Proclamaron que "catolicismo e ignorancia eran sinónimos", y denunciaron sin
ambages la devoción a la Virgen de la Caridad por "ridícula", "peligrosa", y por "robarle
la gloria a Dios". Uno de los que más se distinguió en este esfuerzo para desacreditar
la Iglesia, el pastor bautista Juan McCarthy, llegó a afirmar que el catolicismo era
"anticristiano". Si la Iglesia no hubiera sido un genuino obstáculo en su camino
¿habrían gastado los misioneros tantas energías en desprestigiarla y minar su
influencia?
Factor aglutinante
A uno de los más inteligentes entre ellos, el también bautista Frederick White, se le
ocurrió que lo único que habían logrado con su militantismo anticatólico había sido
acelerar la cubanización de la Iglesia Católica.(1) Quizás fue así. Lo que consta es que
ya en 1903 los obispados vacados por los prelados españoles en Santiago de Cuba y
La Habana habían sido cubiertos con cubanos, y que lo mismo había ocurrido con las
diócesis de Pinar del Río y Cienfuegos, creadas también en ese año. No fue posible
nombrar cubanos para las que se crearon en Matanzas y Camagüey en 1912 por la
escasez de clero nativo. Pero ya se habían tomado medidas para remediar esta
necesidad: se habían enviado seminaristas a estudiar a Roma y Washington, y en 1905
se había reabierto el Seminario de San Carlos y San Ambrosio, que había estado
cerrado durante la guerra de independencia. En 1915 el obispo de Matanzas pudo ser
reemplazado con otro cubano.
Era natural que los firmantes del documento, en su mayoría provenientes de la zona
central u oriental de la Isla, se hubieran congregado en el Cobre. Como los demás
cubanos, los mambises eran devotos de Nuestra Señora de la Caridad, y entre los que
de algún modo aludían a ella o la invocaban se mencionan muchos nombres ilustres:
José Martí, Félix Figueredo, Ignacio Agramonte, Carlos Manuel de Céspedes y Máximo
Gómez. Se cuenta, por ejemplo, que Antonio Maceo le estaba particularmente
agradecido por haberle salvado la vida en un combate, y que por eso solía decir: "Todos
debemos darle las gracias ... porque ella también está peleando en la manigua". Y es un
hecho que cuando los cubanos fueron excluidos del armisticio que concluyó la guerra
Calixto García envió al Santuario a su Estado Mayor con el general Cebreco al frente
para celebrar el triunfo de la causa cubana con una misa solemne con Te Deum a los
pies de Nuestra Señora. La celebración tuvo efecto el 8 de septiembre de 1898, y el
sermón estuvo a cargo del Padre Desiderio Mesnier, coronel del Ejército Libertador.

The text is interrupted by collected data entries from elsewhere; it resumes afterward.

section \<open>Product laws of independent signals\<close>

lemma distr_density_indicator_eq_PiM:
  fixes M :: "'a measure" and \<mu> :: "'b measure" and V :: "'v set"
  assumes M: "prob_space M" and \<mu>: "prob_space \<mu>" and V: "finite V"
    and W: "\<forall>v\<in>V. W v \<in> measurable M \<mu>" and E: "E \<in> sets M"
    and law: "\<And>A. (\<forall>u\<in>V. A u \<in> sets \<mu>) \<Longrightarrow>
      measure M {x \<in> space M. x \<in> E \<and> (\<forall>u\<in>V. W u x \<in> A u)} = 1/2 * (\<Prod>u\<in>V. measure \<mu> (A u))"
  shows "distr (density M (\<lambda>x. 2 * indicator E x)) (PiM V (\<lambda>_. \<mu>)) (\<lambda>x. \<lambda>u\<in>V. W u x)
    = PiM V (\<lambda>_. \<mu>)" (is "?D = _")
proof -
  interpret M: prob_space M by fact
  interpret \<mu>: prob_space \<mu> by fact
  interpret P: product_sigma_finite "\<lambda>_. \<mu>" by standard
  have Wv[measurable]: "(\<lambda>x. \<lambda>u\<in>V. W u x) \<in> measurable M (PiM V (\<lambda>_. \<mu>))"
    using W by (intro measurable_restrict) auto
  show ?thesis
  proof (rule P.PiM_eqI[OF V])
    fix A assume A: "\<And>i. i \<in> V \<Longrightarrow> A i \<in> sets \<mu>"
    define C where "C = {x \<in> space M. \<forall>u\<in>V. W u x \<in> A u}"
    have PA: "Pi\<^sub>E V A \<in> sets (PiM V (\<lambda>_. \<mu>))" using A V by (intro sets_PiM_I_finite) auto
    have pre: "(\<lambda>x. \<lambda>u\<in>V. W u x) -` Pi\<^sub>E V A \<inter> space M = C"
      by (auto simp: PiE_iff C_def)
    have C: "C \<in> sets M" using measurable_sets[OF Wv PA] by (simp add: pre)
    have "emeasure ?D (Pi\<^sub>E V A) = emeasure (density M (\<lambda>x. 2 * indicator E x)) C"
      using PA by (subst emeasure_distr) (simp_all add: pre)
    also have "\<dots> = (\<integral>\<^sup>+x. 2 * indicator (E \<inter> C) x \<partial>M)"
      using C E by (subst emeasure_density) (auto intro!: nn_integral_cong simp: indicator_def)
    also have "\<dots> = ennreal (2 * measure M (E \<inter> C))"
      using C E by (simp add: nn_integral_cmult_indicator M.emeasure_eq_measure ennreal_mult)
    also have "E \<inter> C = {x \<in> space M. x \<in> E \<and> (\<forall>u\<in>V. W u x \<in> A u)}"
      using E sets.sets_into_space by (auto simp: C_def)
    also have "ennreal (2 * measure M \<dots>) = (\<Prod>u\<in>V. emeasure \<mu> (A u))"
      using A by (simp add: law \<mu>.emeasure_eq_measure prod_ennreal)
    finally show "emeasure ?D (Pi\<^sub>E V A) = (\<Prod>u\<in>V. emeasure \<mu> (A u))" .
  qed simp
qed

lemma indicator_PiE_eq_prod:
  assumes "finite I" and "x \<in> extensional I"
  shows "indicator (Pi\<^sub>E I A) x = (\<Prod>i\<in>I. indicator (A i) (x i) :: 'c :: comm_semiring_1)"
proof (cases "x \<in> Pi\<^sub>E I A")
  case False
  then obtain i where "i \<in> I" "x i \<notin> A i" using assms(2) by (auto simp: PiE_iff)
  then show ?thesis using False by (auto intro!: prod_zero[OF assms(1)] bexI[of _ i])
qed (auto simp: indicator_def PiE_iff)

lemma PiM_density_prod:
  fixes \<mu>0 \<mu>1 :: "'b measure" and V :: "'v set" and \<rho> :: "'b \<Rightarrow> real"
  assumes \<mu>0: "prob_space \<mu>0" and \<mu>1: "prob_space \<mu>1" and V: "finite V"
    and [measurable]: "\<rho> \<in> borel_measurable \<mu>0" and density: "\<mu>1 = density \<mu>0 (\<lambda>y. ennreal (\<rho> y))"
  shows "PiM V (\<lambda>_. \<mu>1) = density (PiM V (\<lambda>_. \<mu>0)) (\<lambda>x. \<Prod>u\<in>V. ennreal (\<rho> (x u)))"
    (is "_ = ?D")
proof -
  interpret \<mu>0: prob_space \<mu>0 by fact
  interpret \<mu>1: prob_space \<mu>1 by fact
  interpret P1: product_sigma_finite "\<lambda>_. \<mu>1" by standard
  interpret P0: product_sigma_finite "\<lambda>_. \<mu>0" by standard
  have sets_\<mu>1: "sets \<mu>1 = sets \<mu>0" using density by simp
  show ?thesis
  proof (rule P1.PiM_eqI[OF V, symmetric])
    have "sets (PiM V (\<lambda>_. \<mu>1)) = sets (PiM V (\<lambda>_. \<mu>0))"
      using sets_\<mu>1 by (intro sets_PiM_cong) auto
    then show "sets ?D = sets (PiM V (\<lambda>_. \<mu>1))" by simp
    fix A assume "\<And>i. i \<in> V \<Longrightarrow> A i \<in> sets \<mu>1"
    then have A: "A i \<in> sets \<mu>0" if "i \<in> V" for i using that sets_\<mu>1 by simp
    have "Pi\<^sub>E V A \<in> sets (PiM V (\<lambda>_. \<mu>0))" using A V by (intro sets_PiM_I_finite) auto
    then have "emeasure ?D (Pi\<^sub>E V A)
        = (\<integral>\<^sup>+x. (\<Prod>u\<in>V. ennreal (\<rho> (x u))) * indicator (Pi\<^sub>E V A) x \<partial>PiM V (\<lambda>_. \<mu>0))"
      by (subst emeasure_density) auto
    also have "\<dots> = (\<integral>\<^sup>+x. (\<Prod>u\<in>V. ennreal (\<rho> (x u)) * indicator (A u) (x u)) \<partial>PiM V (\<lambda>_. \<mu>0))"
      by (intro nn_integral_cong)
         (auto simp: space_PiM indicator_PiE_eq_prod[OF V] prod.distrib PiE_iff)
    also have "\<dots> = (\<Prod>u\<in>V. \<integral>\<^sup>+y. ennreal (\<rho> y) * indicator (A u) y \<partial>\<mu>0)"
      using A by (intro P0.product_nn_integral_prod[OF V]) auto
    also have "\<dots> = (\<Prod>u\<in>V. emeasure \<mu>1 (A u))"
      using A by (intro prod.cong refl) (simp add: density emeasure_density)
    finally show "emeasure ?D (Pi\<^sub>E V A) = (\<Prod>u\<in>V. emeasure \<mu>1 (A u))" .
  qed
qed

“La Virgen de la Caridad del Cobre es uno de los símbolos patrios en Cuba. Es difícil
encontrar algún cubano, cualquiera que sea su afiliación política o religiosa, que no
conozca y respete el culto a la Virgen de la Caridad o Cachita, como se conoce entre
sus feligreses." Sus altares se encuentran en muchas de nuestras iglesias a lo largo y
ancho del país y siempre se le dedica una especial atención. Aun los ateos practican
aquello de "yo no creo en brujas pero de que existen, existen". (2)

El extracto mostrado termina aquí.